> _Exercise details_
Scan the lines below for the word "Transposition". Copy each line you find it in.

[Extracted records Boundary: Start]

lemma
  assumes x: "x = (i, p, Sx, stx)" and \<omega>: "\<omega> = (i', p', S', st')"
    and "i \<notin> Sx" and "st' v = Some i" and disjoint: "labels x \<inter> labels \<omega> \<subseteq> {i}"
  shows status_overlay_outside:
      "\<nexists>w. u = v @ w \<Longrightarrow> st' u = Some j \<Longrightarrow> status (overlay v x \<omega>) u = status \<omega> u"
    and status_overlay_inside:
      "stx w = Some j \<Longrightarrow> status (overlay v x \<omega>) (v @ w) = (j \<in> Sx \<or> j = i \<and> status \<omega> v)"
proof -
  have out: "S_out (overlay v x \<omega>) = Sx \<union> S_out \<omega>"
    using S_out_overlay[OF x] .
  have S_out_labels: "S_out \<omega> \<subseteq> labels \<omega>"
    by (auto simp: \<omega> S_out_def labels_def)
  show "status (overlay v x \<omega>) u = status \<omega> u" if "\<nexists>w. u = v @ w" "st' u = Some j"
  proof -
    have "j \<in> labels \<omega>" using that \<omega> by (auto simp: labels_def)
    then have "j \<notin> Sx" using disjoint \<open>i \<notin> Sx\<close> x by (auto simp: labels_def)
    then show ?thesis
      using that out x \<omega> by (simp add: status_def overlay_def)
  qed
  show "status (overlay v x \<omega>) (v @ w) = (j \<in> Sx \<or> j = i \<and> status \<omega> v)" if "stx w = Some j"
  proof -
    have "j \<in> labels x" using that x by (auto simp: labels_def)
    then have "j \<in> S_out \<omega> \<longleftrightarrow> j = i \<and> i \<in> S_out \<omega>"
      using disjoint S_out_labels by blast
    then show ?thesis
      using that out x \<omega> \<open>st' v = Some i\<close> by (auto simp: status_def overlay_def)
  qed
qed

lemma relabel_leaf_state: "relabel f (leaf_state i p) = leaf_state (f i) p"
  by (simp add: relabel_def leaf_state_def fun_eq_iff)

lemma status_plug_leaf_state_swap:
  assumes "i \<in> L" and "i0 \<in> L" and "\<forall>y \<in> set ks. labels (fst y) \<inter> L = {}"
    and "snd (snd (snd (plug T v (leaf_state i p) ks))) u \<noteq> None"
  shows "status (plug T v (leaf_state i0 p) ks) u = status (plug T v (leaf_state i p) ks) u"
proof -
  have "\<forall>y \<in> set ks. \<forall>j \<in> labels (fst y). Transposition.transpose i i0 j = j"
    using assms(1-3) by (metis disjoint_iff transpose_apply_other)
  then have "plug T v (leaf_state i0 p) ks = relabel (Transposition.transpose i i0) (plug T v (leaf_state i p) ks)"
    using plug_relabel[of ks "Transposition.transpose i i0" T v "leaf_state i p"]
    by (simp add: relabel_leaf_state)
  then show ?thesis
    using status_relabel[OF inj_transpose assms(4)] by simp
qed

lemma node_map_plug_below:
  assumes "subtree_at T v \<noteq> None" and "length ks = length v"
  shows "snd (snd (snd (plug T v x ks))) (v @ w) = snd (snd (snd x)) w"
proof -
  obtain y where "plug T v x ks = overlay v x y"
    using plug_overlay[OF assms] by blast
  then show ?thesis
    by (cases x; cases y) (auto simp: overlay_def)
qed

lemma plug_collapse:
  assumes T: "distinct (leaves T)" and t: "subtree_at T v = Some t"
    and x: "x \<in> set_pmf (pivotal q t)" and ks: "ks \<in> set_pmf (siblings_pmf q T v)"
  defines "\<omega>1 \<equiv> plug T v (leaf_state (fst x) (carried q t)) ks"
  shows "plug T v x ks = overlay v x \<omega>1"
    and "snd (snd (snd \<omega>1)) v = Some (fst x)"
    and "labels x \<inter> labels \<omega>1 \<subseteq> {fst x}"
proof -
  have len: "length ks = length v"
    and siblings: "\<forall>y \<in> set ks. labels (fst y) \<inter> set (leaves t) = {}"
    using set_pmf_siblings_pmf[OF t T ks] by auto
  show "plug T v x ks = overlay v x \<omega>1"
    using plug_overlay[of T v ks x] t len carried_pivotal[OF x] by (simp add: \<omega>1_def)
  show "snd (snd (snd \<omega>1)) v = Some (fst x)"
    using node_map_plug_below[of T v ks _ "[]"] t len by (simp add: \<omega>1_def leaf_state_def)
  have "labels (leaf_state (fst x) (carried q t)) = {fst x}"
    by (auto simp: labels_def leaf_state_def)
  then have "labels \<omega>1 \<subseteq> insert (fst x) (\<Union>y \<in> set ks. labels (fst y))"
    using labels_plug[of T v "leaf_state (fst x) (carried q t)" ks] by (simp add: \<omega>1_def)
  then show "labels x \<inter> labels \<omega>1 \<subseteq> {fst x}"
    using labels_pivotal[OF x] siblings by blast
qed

[Extracted records Boundary: End]
[Extracted records Boundary: Start]

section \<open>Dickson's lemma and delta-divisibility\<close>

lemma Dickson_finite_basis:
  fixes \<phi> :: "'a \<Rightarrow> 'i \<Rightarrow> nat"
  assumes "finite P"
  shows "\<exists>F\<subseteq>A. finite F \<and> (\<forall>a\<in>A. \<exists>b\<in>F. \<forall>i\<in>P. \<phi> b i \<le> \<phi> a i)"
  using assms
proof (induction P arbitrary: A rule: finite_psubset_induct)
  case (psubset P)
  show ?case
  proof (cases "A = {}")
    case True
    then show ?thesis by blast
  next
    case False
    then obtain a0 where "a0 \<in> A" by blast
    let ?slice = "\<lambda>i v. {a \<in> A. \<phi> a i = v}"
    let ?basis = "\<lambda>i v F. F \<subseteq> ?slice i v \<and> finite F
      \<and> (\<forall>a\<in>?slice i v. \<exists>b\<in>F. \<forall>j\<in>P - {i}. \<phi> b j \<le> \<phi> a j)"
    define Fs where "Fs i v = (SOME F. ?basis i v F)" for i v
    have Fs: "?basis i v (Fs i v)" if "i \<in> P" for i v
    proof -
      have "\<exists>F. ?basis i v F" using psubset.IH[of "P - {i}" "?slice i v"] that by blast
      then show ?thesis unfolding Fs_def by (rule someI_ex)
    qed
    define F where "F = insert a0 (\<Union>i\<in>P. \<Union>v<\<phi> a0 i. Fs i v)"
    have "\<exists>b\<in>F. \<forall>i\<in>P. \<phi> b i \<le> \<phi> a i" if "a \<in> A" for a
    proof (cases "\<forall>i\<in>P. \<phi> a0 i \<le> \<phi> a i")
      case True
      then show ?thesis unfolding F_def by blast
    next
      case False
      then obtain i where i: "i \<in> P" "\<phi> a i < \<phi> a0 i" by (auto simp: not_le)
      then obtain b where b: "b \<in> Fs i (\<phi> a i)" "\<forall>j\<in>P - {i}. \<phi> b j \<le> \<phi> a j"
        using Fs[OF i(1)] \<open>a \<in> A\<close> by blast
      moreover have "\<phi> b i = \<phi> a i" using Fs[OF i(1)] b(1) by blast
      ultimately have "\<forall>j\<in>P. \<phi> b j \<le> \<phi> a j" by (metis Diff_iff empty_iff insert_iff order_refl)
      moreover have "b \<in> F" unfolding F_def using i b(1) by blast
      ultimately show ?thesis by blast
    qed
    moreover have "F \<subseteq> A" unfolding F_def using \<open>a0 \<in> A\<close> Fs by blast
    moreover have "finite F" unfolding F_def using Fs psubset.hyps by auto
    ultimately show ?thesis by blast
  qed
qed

[Extracted records Boundary: End]

> _Written response_
  have "\<forall>y \<in> set ks. \<forall>j \<in> labels (fst y). Transposition.transpose i i0 j = j"
  then have "plug T v (leaf_state i0 p) ks = relabel (Transposition.transpose i i0) (plug T v (leaf_state i p) ks)"
    using plug_relabel[of ks "Transposition.transpose i i0" T v "leaf_state i p"]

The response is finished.